Saturday, September 7, 2024

Avoiding the Dreaded B-word


  1. In her campaign for president, Kamala Harris is steering clear of the B-word


    , the scary word that might frighten many voters. I have avoided it too. Until now. It is Berkeley!

 

Like Harris, I lived first in Berkeley, California, just a few miles from the famous University of California at B….. Don’t say it, Mike! Today, some people call it the People’s Republic of Berkeley.

 

When Harris talks about her background, she usually refers to the East Bay or Oakland, where she did not live until she was in her 20s. Well, I can’t blame her. Oakland has a safer, diverse middle-class sound to it.

 

In her first home, she lived for a while in Berkeley, where Harris’ parents were pursuing Ph.D degrees in 1964. After they left and split up, she and her mother and sister moved back to Berkeley.

 

We only lived in Berkeley for about a year after I was born, moving to the next town over, El Cerrito, where I lived until high school. Many of my friends were sons and daughters of university professors.

 

Then I went to the dark side: I enrolled at the University of California at Berkeley! This was 1959, when there was no tuition and all you needed was a B average in college-related subjects to get in. There was no entrance exam to one of the country’s most prestigious public universities. Well, why not go there?

 

This was all before the famous Free Speech Movement, which took place the year after I graduated in 1963. But there were precursors of student radicalism when I was there. There were demonstrations of some kind all the time. Even at our Daily Californian student newspaper, we sang revolutionary songs at our parties.

 

I still think the campus of 28,000 people was too big. I got lonely and joined a fraternity. How different that was: full of engineering and business students who embraced conservative political views.

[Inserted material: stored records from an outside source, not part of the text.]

definition dist_gap_set :: "real \<Rightarrow> (('a::metric_space \<times> 'b::metric_space) \<times> ('a \<times> 'b)) set" where
  "dist_gap_set \<epsilon> = {((x1, y1), (x2, y2)). \<bar>dist x1 x2 - dist y1 y2\<bar> > \<epsilon>}"

definition d_Eur :: "'a::polish_space measure \<Rightarrow> 'b::polish_space measure \<Rightarrow> real" where
  "d_Eur mX mY = (INF \<pi>\<in>couplings mX mY. INF \<epsilon>\<in>{0..}.
      max \<epsilon> (measure (\<pi> \<Otimes>\<^sub>M \<pi>) (dist_gap_set \<epsilon>)))"

end

theory Submission
  imports Defs "HOL-Library.Diagonal_Subsequence"
begin

text \<open>Fix a dense sequence \<open>x\<^sub>i\<close> in the support of \<open>m\<^sub>X\<close>. A coupling of small distortion has, by
  Markov's inequality, points near each \<open>x\<^sub>i\<close> whose gap sections are small; their second coordinates
  \<open>y\<^sub>i\<close> reproduce the distances between \<open>x\<^sub>0, \<dots>, x\<^bsub>n-1\<^esub>\<close> up to \<open>\<delta>\<close> and carry the mass of each union
  of balls around the \<open>x\<^sub>i\<close> to slightly larger balls around the \<open>y\<^sub>i\<close>. This mass keeps every
  coordinate sequence in a compact set, so a diagonal subsequence converges to a configuration
  \<open>g\<^sub>i\<close> isometric to \<open>x\<^sub>i\<close>. Extending \<open>x\<^sub>i \<mapsto> g\<^sub>i\<close> to the support gives an isometry \<open>f\<close> with
  \<open>(f\<^sub>* m\<^sub>X)(C) \<le> m\<^sub>Y(C)\<close> for closed \<open>C\<close>; by inner regularity \<open>f\<^sub>* m\<^sub>X = m\<^sub>Y\<close>, and an isometric
  push-forward maps the support of \<open>m\<^sub>X\<close> onto that of \<open>m\<^sub>Y\<close>.\<close>

section \<open>Supports\<close>

lemma mm_space_space: "mm_space M \<Longrightarrow> space M = UNIV"
  by (metis mm_space_def sets_eq_imp_space_eq space_borel)

lemma closed_mm_support: "closed (mm_support M)"
proof -
  have "open (- mm_support M)"
  proof (rule topological_space_class.openI)
    fix x assume "x \<in> - mm_support M"
    then obtain U where U: "open U" "x \<in> U" "\<not> emeasure M U > 0"
      unfolding mm_support_def by blast
    then have "U \<subseteq> - mm_support M" unfolding mm_support_def by blast
    with U show "\<exists>T. open T \<and> x \<in> T \<and> T \<subseteq> - mm_support M" by blast
  qed
  then show ?thesis by (simp add: closed_def)
qed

What a contrast!

Upon graduation, I didn’t flee the Berkeley stigma. I got a job as a reporter for the Berkeley Daily Gazette  newspaper. Man, was this foreign to student radicalism! It covered the city’s largest industry by piecing together University of California press releases. It had a conservative editorial policy for the rest of Berkeley, which did not seem to be liberal at all.

 

Despite a few college reunions and football games, I had little connection since then with the now notorious city.


The only time I bring it up now is usually when someone in my rural town in Virginia questions one of my viewpoints in a conversation. My answer: “I can’t help it. I went to UC Berkeley!”